Oddly, Sleepers, the album, cost us a ton of money but Tony Arnold [King Crimson, Andy Summers, Toyah] didn't listen to the band at all and we were never happy with original recording. In fact, if I had the time and the money we would re-mix Sleepers from scratch, the whole album. I love the songs on that album but they didn't quite end up sounding how we envisaged which was a bit galling considering how much the album cost!

Thus we have now finally recorded "Sleepers" the song as we wanted it nearly 20 years ago!

Will Beyond The Realms Of Euphoria also feature another song revisited in this way?

It will indeed, we have re-recorded a new version of "Richelieu's Prayer" - again an important song for us in the early 1990's. We also have Mark Andrews guesting on it who was our keyboard player at the time, who is also still a very close friend and who wrote the song, so it seemed to make sense to feature Mark, along with Dean of course.

As if releasing two albums in one year wasn't enough, I believe that there is also a Galahad biography being published this year, documenting the band's time together. How did this come about?

I've always wanted to compile a band biography; it has been my dream for a while now. Some say that everyone has a book in them and I guess this is mine! I also wanted to document as much as possible about the band in a book before we forget everything we have done and also to demonstrate that you don't have to be a big mega band Pink Floyd, Led Zeppelin or Queen to have had an interesting ride through the good old world of rock and roll. No matter how big the band, we all have a story to tell and anecdotes to impart, whether humorous or poignant, or even both in some cases. It's a kind of catharsis too I suppose and just great to get it all down and out in the public domain for posterity. In a way I guess it confirms and vindicates our existence.

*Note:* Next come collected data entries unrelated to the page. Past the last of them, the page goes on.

lemma exists_unitary_mult_eq:
  fixes t0 t1 s0 s1 :: "'a::cstar_algebra"
  assumes t0: "isometry t0" and "isometry t1" "adj t0 * t1 = 0"
    and s0: "isometry s0" and "isometry s1" "adj s0 * s1 = 0"
  shows "\<exists>u. unitary u \<and> u * t0 = s0"
proof -
  obtain v where v: "mvn_witness v (1 - t0 * adj t0) (1 - s0 * adj s0)"
    using range_complements_equivalent assms by blast
  have w: "mvn_witness (s0 * adj t0) (t0 * adj t0) (s0 * adj s0)"
    using t0 s0 by (simp add: mvn_witness_def adj_mult adj_adj isometry_mult_cancel mult.assoc)
  have e: "(1 - t0 * adj t0) * (1 - t0 * adj t0) = 1 - t0 * adj t0"
    using isometry_range_idem[OF t0] by (simp add: algebra_simps)
  have "mvn_witness (s0 * adj t0 + v) (t0 * adj t0 + (1 - t0 * adj t0)) (s0 * adj s0 + (1 - s0 * adj s0))"
    using mvn_witness_add[OF w v] isometry_range_idem[OF t0] isometry_range_idem[OF s0] by (simp add: algebra_simps)
  then have "unitary (s0 * adj t0 + v)"
    by (simp add: mvn_witness_def unitary_def)
  moreover have "v * t0 = 0"
  proof -
    have "v * t0 = v * (1 - t0 * adj t0) * t0" using mvn_witness_mult_source[OF v e] by simp
    also have "\<dots> = 0" using t0 by (simp add: algebra_simps isometry_def mult.assoc)
    finally show ?thesis .
  qed
  then have "(s0 * adj t0 + v) * t0 = s0"
    using t0 by (simp add: algebra_simps isometry_def mult.assoc)
  ultimately show ?thesis by blast
qed

section \<open>Unitary matrices and K_1\<close>

lemma mat_eq_trans [trans]: "mat_eq n X Y \<Longrightarrow> mat_eq n Y Z \<Longrightarrow> mat_eq n X Z"
  by (simp add: mat_eq_def)

lemma mat_mult_assoc:
  "mat_mult n (mat_mult n X Y) Z = mat_mult n X (mat_mult n Y Z)"
  unfolding mat_mult_def
  by (auto simp: fun_eq_iff sum_distrib_left sum_distrib_right mult.assoc intro: sum.swap)
lemma Sat_hull_add_closed:
  assumes a: "a \<in> Sat_hull F X" and b: "b \<in> Sat_hull F X"
  shows "a + b \<in> Sat_hull F X"
proof (cases "a = 0 \<or> b = 0 \<or> F < a \<or> F < b")
  case True
  then show ?thesis using a b by (auto simp: Sat_hull_def)
next
  case False
  with a b obtain x where "x \<in> X" "x \<le> a"
    and "Gcd {x\<in>X. x \<le> a} dvd a" "Gcd {x\<in>X. x \<le> b} dvd b"
    by (auto simp: Sat_hull_def)
  moreover have "Gcd {x\<in>X. x \<le> a + b} dvd Gcd {x\<in>X. x \<le> a}"
    and "Gcd {x\<in>X. x \<le> a + b} dvd Gcd {x\<in>X. x \<le> b}"
    by (simp_all add: Gcd_atMost_dvd_Gcd_atMost)
  ultimately have "x \<in> X" "x \<le> a + b" "Gcd {x\<in>X. x \<le> a + b} dvd a + b"
    by (auto intro: dvd_add dvd_trans)
  then show ?thesis unfolding Sat_hull_def by blast
qed

lemma numerical_semigroup_Sat_hull: "numerical_semigroup (Sat_hull F X)"
  unfolding numerical_semigroup_def
proof (intro conjI ballI Sat_hull_add_closed)
  show "0 \<in> Sat_hull F X" by (simp add: Sat_hull_def)
  show "finite (UNIV - Sat_hull F X)"
    by (rule finite_subset[of _ "{..F}"]) (auto simp: Sat_hull_def)
qed
lemma Vmem_eq_Vbar:
  assumes info: "is_info_state Wr Ur h0 h d Ys Us P \<sigma> T"
    and ne: "\<And>l. Wr l \<noteq> {}"
    and t: "t \<le> Suc T"
  shows "\<forall>m\<in>Mrange Wr Ur h0 h t.
    Vmem Wr Ur h0 h d T t m = Vbar Wr Ur h0 h d \<sigma> T t (\<sigma> t m)"
  using t
proof (induction rule: inc_induct)
  case base
  show ?case by simp
next
  case (step t)
  then have t: "t \<le> T" by simp
  have "Qmem Wr Ur h0 h d T t m u = Qbar Wr Ur h0 h d \<sigma> T t (\<sigma> t m) u"
    if "m \<in> Mrange Wr Ur h0 h t" "u \<in> Ur t" for m u
    using Qmem_eq_Qbar_if_Vmem_eq_Vbar_Suc[OF info t that ne] step.IH by blast
  then show ?case
    by (simp add: Vmem_eq_INF_Qmem[OF t] Vbar_eq_INF_Qbar[OF t])
qed

lemma Qmem_eq_Qbar:
  assumes info: "is_info_state Wr Ur h0 h d Ys Us P \<sigma> T"
    and ne: "\<And>l. Wr l \<noteq> {}"
    and t: "t \<le> T" and m: "m \<in> Mrange Wr Ur h0 h t" and u: "u \<in> Ur t"
  shows "Qmem Wr Ur h0 h d T t m u = Qbar Wr Ur h0 h d \<sigma> T t (\<sigma> t m) u"
  using Qmem_eq_Qbar_if_Vmem_eq_Vbar_Suc[OF info t m u ne]
    Vmem_eq_Vbar[OF info ne, of "Suc t"] t by blast
theorem theorem1:
  fixes \<Omega> :: "'o set"
    and W :: "nat \<Rightarrow> 'o \<Rightarrow> 's::metric_space"
    and Ws Us Ys Ur :: "nat \<Rightarrow> 's set"
    and Cs :: "nat \<Rightarrow> real set"
    and h0 :: "'s \<Rightarrow> 's"
    and h :: "nat \<Rightarrow> 's list \<Rightarrow> 's list \<Rightarrow> 's"
    and d :: "nat \<Rightarrow> 's list \<Rightarrow> 's list \<Rightarrow> real"
    and P :: "nat \<Rightarrow> 'p::metric_space set"
    and \<sigma> :: "nat \<Rightarrow> 's list \<times> 's list \<Rightarrow> 'p"
    and T :: nat
  assumes indep: "(\<lambda>\<omega>. map (\<lambda>l. W l \<omega>) [0..<Suc T]) ` \<Omega>
                   = listset (map (\<lambda>l. W l ` \<Omega>) [0..<Suc T])"
    and W_in: "\<And>l \<omega>. l \<le> T \<Longrightarrow> \<omega> \<in> \<Omega> \<Longrightarrow> W l \<omega> \<in> Ws l"
    and U_in: "\<And>t. t \<le> T \<Longrightarrow> Ur t \<subseteq> Us t"
    and bdd_sets: "\<And>t. t \<le> Suc T \<Longrightarrow> bounded (Ws t) \<and> bounded (Us t) \<and> bounded (Ys t)"
    and C_sets: "\<And>t. t \<le> T \<Longrightarrow> bounded (Cs t) \<and> Cs t \<subseteq> {0..}"
    and h0_in: "\<And>w. w \<in> Ws 0 \<Longrightarrow> h0 w \<in> Ys 0"
    and h_in: "\<And>t ws us. t \<le> T \<Longrightarrow> length ws = Suc t \<Longrightarrow> length us = Suc t
                 \<Longrightarrow> (\<forall>l\<le>t. ws ! l \<in> Ws l \<and> us ! l \<in> Us l)
                 \<Longrightarrow> h (Suc t) ws us \<in> Ys (Suc t)"
    and d_in: "\<And>t ws us. t \<le> T \<Longrightarrow> length ws = Suc t \<Longrightarrow> length us = Suc t
                 \<Longrightarrow> (\<forall>l\<le>t. ws ! l \<in> Ws l \<and> us ! l \<in> Us l)
                 \<Longrightarrow> d t ws us \<in> Cs t"
    and P_bdd: "bounded (P (Suc T))"
    and \<sigma>_last: "\<And>m. m \<in> Mspace Ys Us (Suc T) \<Longrightarrow> \<sigma> (Suc T) m \<in> P (Suc T)"
    and info: "is_info_state (\<lambda>l. W l ` \<Omega>) Ur h0 h d Ys Us P \<sigma> T"
  shows "\<forall>t\<le>T. \<forall>m\<in>Mrange (\<lambda>l. W l ` \<Omega>) Ur h0 h t. \<forall>u\<in>Ur t.
           Qmem (\<lambda>l. W l ` \<Omega>) Ur h0 h d T t m u
             = Qbar (\<lambda>l. W l ` \<Omega>) Ur h0 h d \<sigma> T t (\<sigma> t m) u
         \<and> Vmem (\<lambda>l. W l ` \<Omega>) Ur h0 h d T t m
             = Vbar (\<lambda>l. W l ` \<Omega>) Ur h0 h d \<sigma> T t (\<sigma> t m)"
proof (cases "\<Omega> = {}")
  case True
  then show ?thesis
    using Wr_0_nonempty_if_Mrange by fastforce
next
  case False
  then have ne: "\<And>l. W l ` \<Omega> \<noteq> {}"
    by simp
  show ?thesis
    using Qmem_eq_Qbar[OF info ne] Vmem_eq_Vbar[OF info ne] by simp
qed

end
lemma det_bordered_diagonal:
  fixes D :: "'m::finite \<Rightarrow> real" and g :: "real^'m"
  assumes D: "\<And>a. D a \<noteq> 0"
  shows "det (bordered (\<chi> a b. if a = b then D a else 0) g)
         = - (\<Sum>a\<in>UNIV. (g$a)^2 / D a) * (\<Prod>a\<in>UNIV. D a)"
proof -
  txt \<open>Clear the border row, then (after transposing) the border column; what remains is
    diagonal with corner entry the Schur complement \<open>s\<close>.\<close>
  define B where "B = bordered (\<chi> a b. if a = b then D a else 0) g"
  define s where "s = - (\<Sum>a\<in>UNIV. (g$a)^2 / D a)"
  have B: "B$Some a$Some b = (if a = b then D a else 0)" for a b
    by (simp add: B_def bordered_def)
  have B_border: "B$None$Some a = g$a" "B$Some a$None = g$a" "B$None$None = 0" for a
    by (simp_all add: B_def bordered_def)
  obtain B' where det_B': "det B' = det B" and B'_Some: "\<And>a. B'$Some a = B$Some a"
    and B'_border: "\<And>b. B'$None$Some b = 0"
    and B'_corner: "B'$None$None = B$None$None - (\<Sum>a\<in>UNIV. B$None$Some a * B$Some a$None / D a)"
    using det_clear_border_row[OF B D] by blast
  have C: "transpose B'$Some a$Some b = (if a = b then D a else 0)" for a b
    by (simp add: transpose_def B'_Some B)
  obtain C' where det_C': "det C' = det (transpose B')" and C'_Some: "\<And>a. C'$Some a = transpose B'$Some a"
    and C'_border: "\<And>b. C'$None$Some b = 0"
    and C'_corner: "C'$None$None = transpose B'$None$None
          - (\<Sum>a\<in>UNIV. transpose B'$None$Some a * transpose B'$Some a$None / D a)"
    using det_clear_border_row[OF C D] by blast
  have "B'$None$None = s"
    by (simp add: B'_corner B_border s_def power2_eq_square)
  then have C'_None: "C'$None$None = s"
    by (simp add: C'_corner transpose_def B'_border)
  have C'_diag: "C'$Some a$Some b = (if a = b then D a else 0)" for a b
    using C by (simp add: C'_Some)
  have C'_column: "C'$Some a$None = 0" for a
    by (simp add: C'_Some transpose_def B'_border)
  have "det C' = (\<Prod>i\<in>UNIV. C'$i$i)"
  proof (rule det_diagonal)
    fix i j :: "'m option" assume "i \<noteq> j"
    then show "C'$i$j = 0"
      by (cases i; cases j) (auto simp only: C'_border C'_column C'_diag split: if_splits)
  qed
  also have "\<dots> = s * (\<Prod>a\<in>UNIV. D a)"
    by (simp add: prod_UNIV_option C'_None C'_diag)
  finally show ?thesis
    using det_B' det_C' by (simp add: B_def s_def)
qed
lemma potential_energy_estimate:
  assumes "0 < \<epsilon>" "0 \<le> Cp" "0 \<le> Csob" "0 < k0" "0 < k1" and g: "L2 \<Omega> g"
    and w: "\<And>i. H1 \<Omega> (comp w i)" and small: "2 * Cp^2 * Csob^2 * H1normv \<Omega> w \<le> \<epsilon>"
    and \<psi>: "H1 \<Omega> \<psi>" and poincare: "H1norm \<Omega> \<psi> \<le> Cp * H1semi \<Omega> \<psi>"
    and tested: "intO \<Omega> (\<lambda>x. kappa k0 k1 (\<psi> x) * \<psi> x) + form_c \<Omega> w \<psi> \<psi> + form_d \<epsilon> \<Omega> \<psi> \<psi>
      = form_G \<Omega> g \<psi>"
  shows "H1norm \<Omega> \<psi> \<le> 2 * Cp^2 / \<epsilon> * L2norm \<Omega> g"
proof -
  let ?s = "H1semi \<Omega> \<psi>" and ?n = "H1norm \<Omega> \<psi>" and ?G = "L2norm \<Omega> g"
  have s_le: "?s \<le> Cp * ?s" and L2_le: "L2norm \<Omega> \<psi> \<le> Cp * ?s"
    using poincare H1semi_le_H1norm L2norm_le_H1norm by (blast intro: order_trans)+
  have "\<bar>form_G \<Omega> g \<psi>\<bar> \<le> ?G * (Cp * ?s)"
    using form_G_bound[OF g] \<psi> L2_le L2norm_nonneg
    by (meson H1_def mult_left_mono order_trans)
  moreover have "\<bar>form_c \<Omega> w \<psi> \<psi>\<bar> \<le> \<epsilon> / 2 * ?s\<^sup>2"
  proof -
    have "?s * ?n \<le> (Cp * ?s) * (Cp * ?s)"
      using s_le poincare H1semi_nonneg[of \<Omega> \<psi>] H1norm_nonneg[of \<Omega> \<psi>]
      by (intro mult_mono) linarith+
    then have "(Csob\<^sup>2 * H1normv \<Omega> w) * (?s * ?n) \<le> (Csob\<^sup>2 * H1normv \<Omega> w) * ((Cp * ?s) * (Cp * ?s))"
      by (rule mult_left_mono) (simp add: H1normv_nonneg)
    then have "Csob\<^sup>2 * H1normv \<Omega> w * ?s * ?n \<le> (Cp\<^sup>2 * Csob\<^sup>2 * H1normv \<Omega> w) * ?s\<^sup>2"
      by (simp add: power2_eq_square ac_simps)
    also have "\<dots> \<le> \<epsilon> / 2 * ?s\<^sup>2"
      using small by (intro mult_right_mono) auto
    finally show ?thesis
      using form_c_self_bound[OF w \<psi> \<open>0 \<le> Csob\<close>] by linarith
  qed
  moreover have "0 \<le> intO \<Omega> (\<lambda>x. kappa k0 k1 (\<psi> x) * \<psi> x)"
    using \<open>0 < k0\<close> \<open>0 < k1\<close> by (intro intO_nonneg kappa_mult_self_nonneg)
  ultimately have "\<epsilon> * ?s\<^sup>2 \<le> ?G * (Cp * ?s) + \<epsilon> / 2 * ?s\<^sup>2"
    using tested form_d_self[of \<epsilon> \<Omega> \<psi>] by linarith
  then show ?thesis
    using \<open>0 < \<epsilon>\<close> H1semi_nonneg poincare \<open>0 \<le> Cp\<close> L2norm_nonneg
    by (rule le_of_absorbed_quadratic_bound)
qed

lemma velocity_energy_estimate:
  assumes "0 < \<mu>" "0 \<le> Cp" "0 \<le> Csob" "0 \<le> Ebar" "0 \<le> Kbar"
    and f: "\<And>i. L2 \<Omega> (comp f i)" and g: "L2 \<Omega> g"
    and E: "AE x in lebesgue_on \<Omega>. norm (E x) \<le> Ebar"
    and \<kappa>: "AE x in lebesgue_on \<Omega>. \<bar>\<kappa> (\<psi> x)\<bar> \<le> Kbar * \<bar>\<psi> x\<bar>"
    and \<psi>: "H1 \<Omega> \<psi>" and small: "2 * Cp^2 * Csob^2 * Ebar * H1norm \<Omega> \<psi> \<le> \<mu>"
    and u: "\<And>i. H1 \<Omega> (comp u i)" and poincare: "H1normv \<Omega> u \<le> Cp * H1semiv \<Omega> u"
    and tested: "form_a \<mu> \<Omega> u u + form_A \<Omega> E \<psi> u u = form_F \<Omega> \<kappa> f g E \<psi> u"
  shows "H1normv \<Omega> u
    \<le> 2 * Cp^2 / \<mu> * (L2normv \<Omega> f + Ebar * L2norm \<Omega> g + Kbar * Ebar * H1norm \<Omega> \<psi>)"
proof -
  let ?S = "H1semiv \<Omega> u" and ?U = "H1normv \<Omega> u"
  define R where "R = L2normv \<Omega> f + Ebar * L2norm \<Omega> g + Kbar * Ebar * L2norm \<Omega> \<psi>"
  have R_nonneg: "0 \<le> R"
    unfolding R_def L2normv_eq_L2norm using assms(4,5) by (simp add: L2norm_nonneg)
  have "\<bar>form_F \<Omega> \<kappa> f g E \<psi> u\<bar> \<le> R * (Cp * ?S)"
  proof -
    have "\<bar>form_F \<Omega> \<kappa> f g E \<psi> u\<bar> \<le> R * L2normv \<Omega> u"
      unfolding R_def using \<psi> u assms(4,5)
      by (intro form_F_bound[OF f g _ _ E \<kappa>]) (auto simp: H1_def)
    also have "\<dots> \<le> R * (Cp * ?S)"
      using L2normv_le_H1normv[OF u] poincare R_nonneg by (intro mult_left_mono) auto
    finally show ?thesis .
  qed
  moreover have "\<bar>form_A \<Omega> E \<psi> u u\<bar> \<le> \<mu> / 2 * ?S\<^sup>2"
  proof -
    have "?U\<^sup>2 \<le> (Cp * ?S)\<^sup>2"
      using poincare H1normv_nonneg by (rule power_mono)
    then have "(Ebar * Csob\<^sup>2) * ?U\<^sup>2 \<le> (Ebar * Csob\<^sup>2) * (Cp * ?S)\<^sup>2"
      by (rule mult_left_mono) (simp add: assms(4))
    then have "Ebar * Csob\<^sup>2 * ?U\<^sup>2 * H1semi \<Omega> \<psi> \<le> Ebar * Csob\<^sup>2 * (Cp * ?S)\<^sup>2 * H1norm \<Omega> \<psi>"
      by (rule mult_mono) (simp_all add: H1semi_le_H1norm H1semi_nonneg assms(4))
    also have "\<dots> = (Cp\<^sup>2 * Csob\<^sup>2 * Ebar * H1norm \<Omega> \<psi>) * ?S\<^sup>2"
      by (simp add: power_mult_distrib ac_simps)
    also have "\<dots> \<le> \<mu> / 2 * ?S\<^sup>2"
      using small by (intro mult_right_mono) auto
    finally show ?thesis
      using form_A_self_bound[OF u \<psi> E assms(4,3)] by linarith
  qed
  ultimately have "\<mu> * ?S\<^sup>2 \<le> R * (Cp * ?S) + \<mu> / 2 * ?S\<^sup>2"
    using tested form_a_self[OF u, of \<mu>] by linarith
  then have "?U \<le> 2 * Cp\<^sup>2 / \<mu> * R"
    using \<open>0 < \<mu>\<close> H1semiv_nonneg poincare \<open>0 \<le> Cp\<close> R_nonneg
    by (rule le_of_absorbed_quadratic_bound)
  also have "\<dots> \<le> 2 * Cp^2 / \<mu> * (L2normv \<Omega> f + Ebar * L2norm \<Omega> g + Kbar * Ebar * H1norm \<Omega> \<psi>)"
    unfolding R_def using assms(1,4,5) L2norm_le_H1norm[of \<Omega> \<psi>]
    by (intro mult_left_mono add_left_mono mult_left_mono) auto
  finally show ?thesis .
qed
lemma walsh_gray_append:
  assumes "u \<in> vecs n" and "z \<in> vecs K"
  shows "walsh (n + K) (gray n (Suc K) a) (u @ z) = 2 ^ K * fibre_sum n K a u z"
proof -
  let ?s = "\<lambda>x. (-1 :: int) ^ of_bool (a K x \<noteq> dotp u x)"
  have "walsh (n + K) (gray n (Suc K) a) (u @ z)
      = (\<Sum>x\<in>vecs n. ?s x * (\<Sum>y\<in>vecs K. (-1) ^ of_bool (dotp (coord_vec K a x) y \<noteq> dotp z y)))"
    unfolding walsh_def sum_vecs_add sum_distrib_left
  proof (intro sum.cong refl)
    fix x y
    assume "x \<in> vecs n" and "y \<in> vecs K"
    moreover have "length u = length x"
      using assms(1) \<open>x \<in> vecs n\<close> by (simp add: vecs_def)
    ultimately show "(-1) ^ of_bool (gray n (Suc K) a (x @ y) \<noteq> dotp (u @ z) (x @ y))
        = ?s x * (-1) ^ of_bool (dotp (coord_vec K a x) y \<noteq> dotp z y)"
      by (simp add: gray_append dotp_append flip: neg_one_power_xor) argo
  qed
  also have "\<dots> = (\<Sum>x\<in>vecs n. if coord_vec K a x = z then 2 ^ K * ?s x else 0)"
    unfolding sum_vecs_character[OF coord_vec_in_vecs assms(2)] by (intro sum.cong refl) (simp add: mult.commute)
  also have "\<dots> = 2 ^ K * fibre_sum n K a u z"
    by (simp add: fibre_sum_def sum.inter_filter[symmetric] sum_distrib_left)
  finally show ?thesis .
qed

fun nat_of_bits :: "bool list \<Rightarrow> nat" where
  "nat_of_bits [] = 0"
| "nat_of_bits (b # z) = of_bool b + 2 * nat_of_bits z"

lemma nat_of_bits_less: "nat_of_bits z < 2 ^ length z"
  by (induction z) auto

lemma nat_of_bits_inj:
  "length z = length z' \<Longrightarrow> nat_of_bits z = nat_of_bits z' \<Longrightarrow> z = z'"
proof (induction z z' rule: list_induct2)
  case (Cons b z c z')
  then have "b = c"
    by (cases b; cases c; simp; presburger)
  with Cons show ?case
    by simp
qed simp

lemma nat_of_bits_coord_vec: "nat_of_bits (coord_vec K a x) = (\<Sum>i<K. 2 ^ i * of_bool (a i x))"
proof (induction K arbitrary: a)
  case 0
  then show ?case
    by (simp add: coord_vec_def)
next
  case (Suc K)
  have split: "coord_vec (Suc K) a x = a 0 x # coord_vec K (\<lambda>i. a (Suc i)) x"
    by (simp add: coord_vec_def upt_conv_Cons map_Suc_upt[symmetric] del: upt_Suc)
  have "2 * (\<Sum>i<K. 2 ^ i * of_bool (a (Suc i) x)) = (\<Sum>i<K. 2 ^ Suc i * of_bool (a (Suc i) x) :: nat)"
    by (simp only: sum_distrib_left mult.assoc[symmetric] power_Suc)
  then show ?case
    unfolding split nat_of_bits.simps Suc.IH sum.lessThan_Suc_shift by simp
qed

lemma gfun_Suc: "gfun (Suc K) a x = nat_of_bits (coord_vec K a x) + 2 ^ K * of_bool (a K x)"
  by (simp add: gfun_def nat_of_bits_coord_vec)

definition fibre_poly :: "nat \<Rightarrow> nat \<Rightarrow> (nat \<Rightarrow> bool list \<Rightarrow> bool) \<Rightarrow> bool list \<Rightarrow> int poly" where
  "fibre_poly n K a u = (\<Sum>z\<in>vecs K. monom (fibre_sum n K a u z) (nat_of_bits z))"

lemma coeff_fibre_poly:
  assumes "z \<in> vecs K"
  shows "coeff (fibre_poly n K a u) (nat_of_bits z) = fibre_sum n K a u z"
proof -
  have "nat_of_bits z' = nat_of_bits z \<longleftrightarrow> z' = z" if "z' \<in> vecs K" for z'
    using that assms nat_of_bits_inj by (auto simp: vecs_def)
  then show ?thesis
    using assms by (simp add: fibre_poly_def coeff_sum coeff_monom if_distrib cong: if_cong)
qed

lemma degree_fibre_poly: "degree (fibre_poly n K a u) < 2 ^ K"
  unfolding fibre_poly_def
proof (rule degree_sum_less)
  fix z
  assume "z \<in> vecs K"
  then have "nat_of_bits z < 2 ^ K"
    using nat_of_bits_less[of z] by (simp add: vecs_def)
  then show "degree (monom (fibre_sum n K a u z) (nat_of_bits z)) < 2 ^ K"
    using degree_monom_le[of "fibre_sum n K a u z" "nat_of_bits z"] by linarith
qed simp

lemma gbent_sum_eq_zeval_fibre_poly:
  "(\<Sum>x\<in>vecs n. zeta (Suc K) ^ gfun (Suc K) a x * (-1) ^ of_bool (dotp u x))
    = zeval K (fibre_poly n K a u)"
proof -
  have "(\<Sum>x\<in>vecs n. zeta (Suc K) ^ gfun (Suc K) a x * (-1) ^ of_bool (dotp u x))
      = (\<Sum>x\<in>vecs n. \<zeta> K ^ nat_of_bits (coord_vec K a x) * of_int ((-1) ^ of_bool (a K x \<noteq> dotp u x)))"
  proof (intro sum.cong refl)
    fix x
    have "zeta (Suc K) ^ gfun (Suc K) a x = \<zeta> K ^ nat_of_bits (coord_vec K a x) * (-1) ^ of_bool (a K x)"
      unfolding gfun_Suc power_add power_mult zeta_power_half ..
    then show "zeta (Suc K) ^ gfun (Suc K) a x * (-1) ^ of_bool (dotp u x)
        = \<zeta> K ^ nat_of_bits (coord_vec K a x) * of_int ((-1) ^ of_bool (a K x \<noteq> dotp u x))"
      by (simp add: neg_one_power_xor)
  qed
  also have "\<dots> = (\<Sum>z\<in>vecs K. \<Sum>x | x \<in> vecs n \<and> coord_vec K a x = z.
      \<zeta> K ^ nat_of_bits (coord_vec K a x) * of_int ((-1) ^ of_bool (a K x \<noteq> dotp u x)))"
    by (rule sum.group[symmetric]) auto
  also have "\<dots> = (\<Sum>z\<in>vecs K. \<Sum>x | x \<in> vecs n \<and> coord_vec K a x = z.
      \<zeta> K ^ nat_of_bits z * of_int ((-1) ^ of_bool (a K x \<noteq> dotp u x)))"
    by (intro sum.cong refl) auto
  also have "\<dots> = zeval K (fibre_poly n K a u)"
    by (simp add: fibre_poly_def zeval_sum zeval_monom fibre_sum_def sum_distrib_left mult_ac)
  finally show ?thesis .
qed

lemma walsh_gray_values:
  assumes "gbent n (Suc K) (gfun (Suc K) a)" and "n = 2 * e" and "w \<in> vecs (n + K)"
  shows "walsh (n + K) (gray n (Suc K) a) w \<in> {0, 2 ^ (e + K), - (2 ^ (e + K))}"
proof -
  define u z where "u = take n w" and "z = drop n w"
  have u: "u \<in> vecs n" and z: "z \<in> vecs K" and w: "w = u @ z"
    using assms(3) by (simp_all add: u_def z_def vecs_def)
  have "cmod (zeval K (fibre_poly n K a u)) = 2 ^ e"
    using assms(1) u unfolding gbent_def gbent_sum_eq_zeval_fibre_poly
    by (simp add: assms(2) powr_realpow)
  then have "zeval K (fibre_poly n K a u) * cnj (zeval K (fibre_poly n K a u)) = (2 ^ e) ^ 2"
    by (simp add: complex_norm_square[symmetric])
  also have "(2 ^ e) ^ 2 = (4 :: complex) ^ e"
    by (simp only: power_mult[symmetric] mult.commute[of e 2]) (simp add: power_mult)
  finally have "fibre_sum n K a u z \<in> {0, 2 ^ e, - (2 ^ e)}"
    using coeff_if_zeval_norm_eq_4_power[OF degree_fibre_poly] coeff_fibre_poly[OF z] by metis
  then show ?thesis
    unfolding w walsh_gray_append[OF u z] by (auto simp: power_add)
qed

theorem proposition6:
  fixes n k :: nat and a :: "nat \<Rightarrow> bool list \<Rightarrow> bool"
  assumes "even n" and "k \<ge> 2"
    and "gbent n k (gfun k a)"
  shows "plateaued (n + k - 1) (k - 1) (gray n k a)"
proof -
  obtain K where k: "k = Suc K"
    using assms(2) by (cases k) auto
  obtain e where n: "n = 2 * e"
    using assms(1) by (elim evenE)
  have "(real (n + K) + real K) / 2 = real (e + K)"
    by (simp add: n)
  then have "2 powr ((real (n + K) + real K) / 2) = 2 ^ (e + K)"
    by (simp only: powr_realpow zero_less_numeral)
  then show ?thesis
    using walsh_gray_values[OF assms(3)[unfolded k] n] unfolding plateaued_def k by force
qed

end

I started writing it many years ago, indeed just after Karl [Garrett - keyboards 1991-1997] left the band, but it got put on hold for many years. We then met a gut called Andy Wild through the Twelfth Night guys who had written their biography 'Then Play On' which we read, liked and asked Andy if he would be interested in putting it all together for us. Amazingly he agreed and made very quick progress, including re-writing my attempt which was unpublishable. He has done a great job. As well as the main body of the book there are some great photos and lots of anorak lists, which I love I'm sad to say! Not sure when it will be published, but hopefully sometime this year.

I must admit that I'm a sucker for a list as well! Have all the members of the band past and present been involved with the book?

Nearly all, a couple of guys were impossible to get hold of, but we did manage to get all the key protagonists in the history of Galahad and there have been quite a few - I think we give Yes a run for their money! Although in reality the line up has been pretty consistent over the last few years and after all you are talking about a band with a 27 year history!

How has it felt to revisit the band's past for the book?

It was great fun, reliving and recounting events and stories relating to the band. It was interesting that each member/ex-member had quite different recollections at times. Whilst some members remembered certain things that had happened over the years, other members couldn't remember the same things at all!

The thing about Galahad is that is like an extended family and we still see many ex-members and socialise at times. For example when Tim [Ashton - bass 1989-1992] and Karl come back from abroad, we meet up and carry on where we left off! In a way the band has shaped our lives quite profoundly, hopefully in a good way!